### What this task involves
Each line of the listing that includes "metis" should be reported.

### Exercise data
* * * * * * *

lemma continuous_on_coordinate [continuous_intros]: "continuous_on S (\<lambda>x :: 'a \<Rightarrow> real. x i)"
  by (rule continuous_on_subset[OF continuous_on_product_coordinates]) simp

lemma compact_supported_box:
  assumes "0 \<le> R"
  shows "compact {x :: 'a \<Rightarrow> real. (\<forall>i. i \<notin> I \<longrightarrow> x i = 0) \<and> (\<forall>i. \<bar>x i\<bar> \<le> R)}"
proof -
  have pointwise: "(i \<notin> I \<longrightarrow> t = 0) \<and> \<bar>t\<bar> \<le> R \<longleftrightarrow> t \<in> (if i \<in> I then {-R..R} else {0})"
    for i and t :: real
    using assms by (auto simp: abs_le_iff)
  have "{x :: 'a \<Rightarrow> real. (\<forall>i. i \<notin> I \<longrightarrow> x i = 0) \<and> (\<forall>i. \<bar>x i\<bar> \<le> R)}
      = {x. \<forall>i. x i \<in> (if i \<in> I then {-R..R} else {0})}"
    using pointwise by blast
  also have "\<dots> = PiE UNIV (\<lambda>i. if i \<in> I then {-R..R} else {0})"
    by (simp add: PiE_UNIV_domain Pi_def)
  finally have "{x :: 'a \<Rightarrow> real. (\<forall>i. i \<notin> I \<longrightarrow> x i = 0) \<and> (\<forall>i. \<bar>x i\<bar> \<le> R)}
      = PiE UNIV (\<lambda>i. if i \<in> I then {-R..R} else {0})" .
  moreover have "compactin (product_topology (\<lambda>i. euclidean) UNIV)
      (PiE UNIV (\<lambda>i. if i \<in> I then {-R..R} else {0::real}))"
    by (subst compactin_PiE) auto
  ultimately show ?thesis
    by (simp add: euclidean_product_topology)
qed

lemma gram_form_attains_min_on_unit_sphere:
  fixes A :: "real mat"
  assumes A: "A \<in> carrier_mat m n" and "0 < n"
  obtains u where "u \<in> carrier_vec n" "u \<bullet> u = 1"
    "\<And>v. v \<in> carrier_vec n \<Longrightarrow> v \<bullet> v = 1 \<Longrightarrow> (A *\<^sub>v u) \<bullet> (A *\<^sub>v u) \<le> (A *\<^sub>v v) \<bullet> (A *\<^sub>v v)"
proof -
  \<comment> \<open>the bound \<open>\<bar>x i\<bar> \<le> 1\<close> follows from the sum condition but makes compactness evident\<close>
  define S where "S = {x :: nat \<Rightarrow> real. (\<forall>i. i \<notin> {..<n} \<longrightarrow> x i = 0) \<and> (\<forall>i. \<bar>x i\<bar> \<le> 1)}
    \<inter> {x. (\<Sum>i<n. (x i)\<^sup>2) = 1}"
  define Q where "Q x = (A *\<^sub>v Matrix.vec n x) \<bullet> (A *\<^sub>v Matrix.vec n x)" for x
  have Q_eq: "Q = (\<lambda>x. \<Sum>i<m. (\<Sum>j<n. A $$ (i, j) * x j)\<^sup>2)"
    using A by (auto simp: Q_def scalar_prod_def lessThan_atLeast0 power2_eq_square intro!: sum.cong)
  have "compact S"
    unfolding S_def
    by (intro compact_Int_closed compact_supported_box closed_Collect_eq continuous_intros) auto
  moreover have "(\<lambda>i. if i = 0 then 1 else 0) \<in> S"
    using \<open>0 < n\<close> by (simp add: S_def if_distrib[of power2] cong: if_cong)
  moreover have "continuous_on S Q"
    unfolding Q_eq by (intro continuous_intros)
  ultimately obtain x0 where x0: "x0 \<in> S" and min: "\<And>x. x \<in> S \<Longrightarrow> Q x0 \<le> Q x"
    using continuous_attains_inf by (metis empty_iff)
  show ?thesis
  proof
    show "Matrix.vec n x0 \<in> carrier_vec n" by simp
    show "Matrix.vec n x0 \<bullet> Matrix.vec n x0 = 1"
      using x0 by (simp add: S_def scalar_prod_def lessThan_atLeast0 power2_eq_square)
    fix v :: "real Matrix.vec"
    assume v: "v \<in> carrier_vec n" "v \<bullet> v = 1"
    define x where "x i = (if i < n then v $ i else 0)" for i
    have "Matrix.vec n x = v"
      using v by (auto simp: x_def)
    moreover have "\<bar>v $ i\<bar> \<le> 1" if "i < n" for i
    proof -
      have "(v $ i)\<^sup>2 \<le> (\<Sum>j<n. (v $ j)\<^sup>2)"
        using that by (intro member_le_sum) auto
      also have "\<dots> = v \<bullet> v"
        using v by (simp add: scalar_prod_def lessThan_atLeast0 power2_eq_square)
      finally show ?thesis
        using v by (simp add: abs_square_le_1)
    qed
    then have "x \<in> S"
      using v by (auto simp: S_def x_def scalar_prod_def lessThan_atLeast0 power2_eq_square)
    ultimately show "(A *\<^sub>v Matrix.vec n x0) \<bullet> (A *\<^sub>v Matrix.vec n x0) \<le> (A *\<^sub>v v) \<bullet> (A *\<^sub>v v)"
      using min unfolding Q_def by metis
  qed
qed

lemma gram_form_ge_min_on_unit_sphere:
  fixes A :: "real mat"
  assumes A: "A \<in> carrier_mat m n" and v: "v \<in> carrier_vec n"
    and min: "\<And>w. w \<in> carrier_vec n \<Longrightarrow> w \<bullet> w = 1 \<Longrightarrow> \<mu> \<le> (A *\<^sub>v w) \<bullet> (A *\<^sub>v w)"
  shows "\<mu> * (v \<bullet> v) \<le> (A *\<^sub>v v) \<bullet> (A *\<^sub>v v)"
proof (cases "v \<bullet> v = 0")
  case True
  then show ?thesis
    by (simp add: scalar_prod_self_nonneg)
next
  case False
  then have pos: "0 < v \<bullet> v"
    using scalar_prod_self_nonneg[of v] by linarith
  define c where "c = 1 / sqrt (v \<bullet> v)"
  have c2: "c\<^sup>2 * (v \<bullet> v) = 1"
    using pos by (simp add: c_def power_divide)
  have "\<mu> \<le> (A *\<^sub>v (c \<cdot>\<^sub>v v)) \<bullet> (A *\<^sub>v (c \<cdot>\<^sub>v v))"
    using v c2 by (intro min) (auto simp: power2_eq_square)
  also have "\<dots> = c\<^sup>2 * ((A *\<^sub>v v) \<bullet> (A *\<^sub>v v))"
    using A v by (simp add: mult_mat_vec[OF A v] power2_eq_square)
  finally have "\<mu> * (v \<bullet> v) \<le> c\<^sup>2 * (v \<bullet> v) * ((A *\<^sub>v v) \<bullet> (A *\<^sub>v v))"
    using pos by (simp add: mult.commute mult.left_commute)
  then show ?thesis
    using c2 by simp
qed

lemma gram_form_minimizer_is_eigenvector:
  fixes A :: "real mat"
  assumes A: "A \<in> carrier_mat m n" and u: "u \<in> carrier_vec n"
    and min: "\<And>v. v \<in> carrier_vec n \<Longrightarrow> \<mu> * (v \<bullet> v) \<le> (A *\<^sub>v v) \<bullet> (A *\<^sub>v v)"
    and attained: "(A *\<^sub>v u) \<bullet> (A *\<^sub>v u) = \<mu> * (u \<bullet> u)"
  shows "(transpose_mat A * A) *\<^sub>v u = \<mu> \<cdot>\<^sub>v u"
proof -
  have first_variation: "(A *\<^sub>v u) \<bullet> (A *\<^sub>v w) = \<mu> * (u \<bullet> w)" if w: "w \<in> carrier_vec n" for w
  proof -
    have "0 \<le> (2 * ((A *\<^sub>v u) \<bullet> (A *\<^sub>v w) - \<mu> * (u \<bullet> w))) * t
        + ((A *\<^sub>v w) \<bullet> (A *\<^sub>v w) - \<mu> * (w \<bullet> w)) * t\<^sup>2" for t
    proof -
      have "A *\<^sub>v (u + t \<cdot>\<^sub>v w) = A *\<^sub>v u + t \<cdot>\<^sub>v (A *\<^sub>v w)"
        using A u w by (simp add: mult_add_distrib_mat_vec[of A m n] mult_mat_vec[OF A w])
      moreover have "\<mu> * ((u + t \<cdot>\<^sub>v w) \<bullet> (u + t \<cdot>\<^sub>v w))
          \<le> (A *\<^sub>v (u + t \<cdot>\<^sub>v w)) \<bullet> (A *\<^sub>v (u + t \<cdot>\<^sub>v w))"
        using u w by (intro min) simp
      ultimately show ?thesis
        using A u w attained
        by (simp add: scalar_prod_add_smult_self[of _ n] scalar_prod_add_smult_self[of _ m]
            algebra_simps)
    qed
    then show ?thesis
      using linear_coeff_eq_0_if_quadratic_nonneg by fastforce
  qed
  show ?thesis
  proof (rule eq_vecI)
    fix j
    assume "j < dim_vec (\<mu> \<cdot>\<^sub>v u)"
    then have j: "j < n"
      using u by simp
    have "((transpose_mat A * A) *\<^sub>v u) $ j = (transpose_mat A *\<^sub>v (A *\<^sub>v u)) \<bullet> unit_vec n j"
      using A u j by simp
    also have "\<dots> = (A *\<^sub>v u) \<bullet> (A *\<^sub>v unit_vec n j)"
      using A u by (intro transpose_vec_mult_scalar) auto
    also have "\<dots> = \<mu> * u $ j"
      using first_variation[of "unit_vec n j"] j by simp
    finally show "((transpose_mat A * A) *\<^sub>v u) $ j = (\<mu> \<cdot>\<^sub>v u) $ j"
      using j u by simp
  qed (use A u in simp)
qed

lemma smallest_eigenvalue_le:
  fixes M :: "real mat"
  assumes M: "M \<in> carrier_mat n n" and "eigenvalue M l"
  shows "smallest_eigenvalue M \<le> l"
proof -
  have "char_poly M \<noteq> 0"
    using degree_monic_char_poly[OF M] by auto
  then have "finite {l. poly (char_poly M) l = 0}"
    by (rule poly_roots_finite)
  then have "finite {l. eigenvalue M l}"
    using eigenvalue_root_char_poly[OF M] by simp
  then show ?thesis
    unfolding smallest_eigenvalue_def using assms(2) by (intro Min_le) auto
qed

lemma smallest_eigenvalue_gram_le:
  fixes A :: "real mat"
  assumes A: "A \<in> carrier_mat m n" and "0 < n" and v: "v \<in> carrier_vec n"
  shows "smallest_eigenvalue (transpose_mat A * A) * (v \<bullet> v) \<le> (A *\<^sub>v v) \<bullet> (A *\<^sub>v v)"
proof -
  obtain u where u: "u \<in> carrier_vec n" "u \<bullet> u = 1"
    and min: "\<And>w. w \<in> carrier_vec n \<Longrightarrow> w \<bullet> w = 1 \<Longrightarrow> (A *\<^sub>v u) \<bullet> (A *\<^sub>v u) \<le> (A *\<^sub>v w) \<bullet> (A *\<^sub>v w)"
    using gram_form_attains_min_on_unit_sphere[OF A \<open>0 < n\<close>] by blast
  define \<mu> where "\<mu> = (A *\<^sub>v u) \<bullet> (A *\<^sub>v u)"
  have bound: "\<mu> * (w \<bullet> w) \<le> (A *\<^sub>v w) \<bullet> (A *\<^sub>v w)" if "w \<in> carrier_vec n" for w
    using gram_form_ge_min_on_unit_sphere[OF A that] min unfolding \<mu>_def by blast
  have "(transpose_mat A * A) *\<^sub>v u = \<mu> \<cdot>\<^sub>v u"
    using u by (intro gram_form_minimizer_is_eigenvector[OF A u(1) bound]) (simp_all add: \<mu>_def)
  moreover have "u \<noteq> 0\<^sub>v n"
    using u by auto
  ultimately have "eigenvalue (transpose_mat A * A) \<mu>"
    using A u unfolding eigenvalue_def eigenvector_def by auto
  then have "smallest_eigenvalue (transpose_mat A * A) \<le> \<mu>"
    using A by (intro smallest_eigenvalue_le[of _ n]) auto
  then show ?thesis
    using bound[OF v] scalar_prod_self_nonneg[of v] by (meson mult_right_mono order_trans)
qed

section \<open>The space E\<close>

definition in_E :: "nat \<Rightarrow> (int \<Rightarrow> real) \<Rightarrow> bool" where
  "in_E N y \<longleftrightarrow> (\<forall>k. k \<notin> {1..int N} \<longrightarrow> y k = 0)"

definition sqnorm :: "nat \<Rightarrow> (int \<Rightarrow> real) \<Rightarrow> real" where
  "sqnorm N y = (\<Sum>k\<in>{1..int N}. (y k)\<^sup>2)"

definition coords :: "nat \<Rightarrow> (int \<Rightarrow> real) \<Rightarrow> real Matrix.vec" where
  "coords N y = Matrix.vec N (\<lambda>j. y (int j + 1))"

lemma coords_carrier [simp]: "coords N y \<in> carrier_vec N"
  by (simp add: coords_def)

* * * * * * *

### Output of the task
    using continuous_attains_inf by (metis empty_iff)
      using min unfolding Q_def by metis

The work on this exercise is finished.